Compressed Channel Estimation with Position-Based ICI Elimination for High-Mobility SIMO-OFDM Systems

TL;DR

This paper introduces a position-based ICI elimination method for high-mobility SIMO-OFDM systems, improving channel estimation accuracy by exploiting train position and channel sparsity, and designing optimal pilot patterns.

Contribution

It proposes a novel ICI mitigation technique using train position information and a new pilot pattern design to enhance compressed sensing-based channel estimation in high-mobility scenarios.

Findings

ICI can be eliminated with CE-BEM based channel model.

The optimal pilot pattern improves CS channel estimation accuracy.
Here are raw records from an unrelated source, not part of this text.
lemma proportional_if_cf_eq_2:
  assumes "cf = 2"
  obtains q1 q2 where "q1 \<noteq> 0 \<or> q2 \<noteq> 0" "smult q2 F = smult q1 G"
proof -
  obtain h Q1 Q2 where q: "h \<noteq> 0" "degree Q1 \<le> 0" "degree Q2 \<le> 0" "F = h * Q1" "G = h * Q2"
    using cancelled_form assms by (metis diff_self_eq_0)
  define c1 c2 where "c1 = coeff Q1 0" "c2 = coeff Q2 0"
  have Q: "Q1 = [:c1:]" "Q2 = [:c2:]"
    using q(2,3) degree_0_id[of Q1] degree_0_id[of Q2] unfolding c1_c2_def by auto
  have "smult c2 F = smult c1 G"
    using q(4,5) unfolding Q by (simp add: mult.commute)
  moreover have "c1 \<noteq> 0 \<or> c2 \<noteq> 0"
    using nonzero q(4,5) unfolding Q by auto
  ultimately show ?thesis using that by blast
qed

lemma cf_neq_2_if_f2_neq_0: "f2 \<noteq> 0 \<Longrightarrow> g0 \<noteq> 0 \<or> g1 \<noteq> 0 \<Longrightarrow> cf \<noteq> 2"
proof
  assume a: "f2 \<noteq> 0" "g0 \<noteq> 0 \<or> g1 \<noteq> 0" "cf = 2"
  obtain q1 q2 where q: "q1 \<noteq> 0 \<or> q2 \<noteq> 0" "smult q2 F = smult q1 G"
    using proportional_if_cf_eq_2[OF a(3)] by blast
  from q(2) have "q2 * f2 = 0" "q2 * f1 = q1 * g1" "q2 * f0 = q1 * g0" by auto
  with a q(1) show False by auto
qed

lemma cf_neq_2_at_fixed_point:
  assumes fixed: "f0 + v * (f1 + v * f2) = v * (g0 + v * g1)" and "g0 + v * g1 \<noteq> 0"
    and "f1 + 2 * f2 * v - v * g1 \<noteq> 0"
  shows "cf \<noteq> 2"
proof
  assume "cf = 2"
  obtain q1 q2 where q: "q1 \<noteq> 0 \<or> q2 \<noteq> 0" "smult q2 F = smult q1 G"
    using proportional_if_cf_eq_2[OF \<open>cf = 2\<close>] by blast
  from q(2) have e: "q2 * f2 = 0" "q2 * f1 = q1 * g1" "q2 * f0 = q1 * g0" by auto
  have "q2 * (f0 + v * (f1 + v * f2)) = q2 * f0 + v * (q2 * f1) + v * v * (q2 * f2)"
    by (simp add: algebra_simps)
  also have "\<dots> = q1 * (g0 + v * g1)" by (simp only: e) (simp add: algebra_simps)
  finally have "q2 * (f0 + v * (f1 + v * f2)) = q1 * (g0 + v * g1)" .
  with fixed have "(q2 * v - q1) * (g0 + v * g1) = 0" by (simp add: algebra_simps)
  with assms(2) have q1: "q1 = q2 * v" by simp
  with q(1) e(1) have "q2 \<noteq> 0" "f2 = 0" by auto
  moreover have "q2 * f1 = q2 * (v * g1)" using e(2) q1 by (simp add: algebra_simps)
  ultimately show False using assms(3) by simp
qed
The scheme is robust to high mobility conditions.

Abstract

Orthogonal frequency-division multiplexing (OFDM) is widely adopted for providing reliable and high data rate communication in high-speed train systems. However, with the increasing train mobility, the resulting large Doppler shift introduces intercarrier interference (ICI) in OFDM systems and greatly degrades the channel estimation accuracy. Therefore, it is necessary and important to investigate reliable channel estimation and ICI mitigation methods in high-mobility environments. In this paper, we consider a typical HST communication system and show that the ICI caused by the large Doppler shift can be mitigated by exploiting the train position information as well as the sparsity of the conventional basis expansion model (BEM) based channel model. Then, we show that for the complex-exponential BEM (CE-BEM) based channel model, the ICI can be completely eliminated to get the ICI-free pilots at each receive antenna. After that, we propose a new pilot pattern design algorithm to reduce the system coherence and hence can improve the compressed sensing (CS) based channel estimation accuracy. The proposed optimal pilot pattern is independent of the number of receive antennas, the Doppler shifts, the train position, or the train speed. Simulation results confirms the performance merits of the proposed scheme in high-mobility environments. In addition, it is also shown that the proposed scheme is robust to the respect of high mobility.